REQUIREMENT: When counting, include every line of the data that holds "where", then state the total alone.

SUPPLIED RECORDS:
——
text \<open>On the side away from the outsider, the receiver of the outer part of x or 1 - x
  collects at least x.\<close>

lemma exists_share_ge:
  assumes "\<sigma> \<in> tb_choices k pos"
  shows "\<exists>r<k. x \<le> share k pos \<sigma> r"
proof (cases "pos j < 1 - x")
  case True
  obtain a where a: "a < k" "pos a = 1 - x" using occupied_1x unfolding occupied_def by auto
  obtain l r where lr: "\<sigma> (1 - x) = (l, r)" by fastforce
  then have r: "r < k" "pos r = 1 - x"
    using tb_choice_in_tb_pairs[OF assms a(1)] tb_pairs_at_iff[where i=a and pos=pos] a by auto
  have "{q \<in> occupied k pos. 1 - x < q} = {}" using True x unfolding occupied_eq by auto
  then have "right_part k pos (1 - x) = x" unfolding right_part_def by simp
  moreover have "0 \<le> left_part k pos (1 - x)" using x by (intro left_part_nonneg) simp
  ultimately have "x \<le> share k pos \<sigma> r" unfolding share_def using lr r by simp
  then show ?thesis using r by blast
next
  case False
  obtain a where a: "a < k" "pos a = x" using occupied_x unfolding occupied_def by auto
  obtain l r where lr: "\<sigma> x = (l, r)" by fastforce
  then have l: "l < k" "pos l = x"
    using tb_choice_in_tb_pairs[OF assms a(1)] tb_pairs_at_iff[where i=a and pos=pos] a by auto
  have "{q \<in> occupied k pos. q < x} = {}" using False x unfolding occupied_eq by auto
  then have "left_part k pos x = x" unfolding left_part_def by simp
  moreover have "0 \<le> right_part k pos x" using x by (intro right_part_nonneg) simp
  ultimately have "x \<le> share k pos \<sigma> l" unfolding share_def using lr l by simp
  then show ?thesis using l by blast
qed

lemma win_prob_outsider: "1/4 < x \<Longrightarrow> win_prob k pos j = 0"
  using share_outsider_less exists_share_ge unfolding win_prob_def winners_def
  by (fastforce intro!: sum.neutral)

end

section \<open>Measurability of the win probabilities\<close>

text \<open>A Max over all candidates, those not left of \<open>pos j\<close> being replaced by the smallest
  position, makes the left part visibly measurable.\<close>

lemma left_part_eq_Max:
  assumes "j < k"
  shows "left_part k pos (pos j) = (if \<exists>l<k. pos l < pos j
     then (pos j - Max ((\<lambda>l. if pos l < pos j then pos l else Min (pos ` {..<k})) ` {..<k})) / 2
     else pos j)"
proof -
  let ?L = "{q \<in> occupied k pos. q < pos j}"
  have "Max ((\<lambda>l. if pos l < pos j then pos l else Min (pos ` {..<k})) ` {..<k}) = Max ?L"
    if "\<exists>l<k. pos l < pos j"
  proof (rule Max_eq_if)
    show "\<forall>a\<in>(\<lambda>l. if pos l < pos j then pos l else Min (pos ` {..<k})) ` {..<k}. \<exists>b\<in>?L. a \<le> b"
      using that by (auto simp: occupied_def intro: order_trans[OF Min_le])
    show "\<forall>b\<in>?L. \<exists>a\<in>(\<lambda>l. if pos l < pos j then pos l else Min (pos ` {..<k})) ` {..<k}. b \<le> a"
      by (force simp: occupied_def)
  qed (auto simp: occupied_def)
  moreover have "?L = {} \<longleftrightarrow> \<not> (\<exists>l<k. pos l < pos j)" by (auto simp: occupied_def)
  ultimately show ?thesis unfolding left_part_def Let_def by auto
qed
——
TASK ANSWER: 6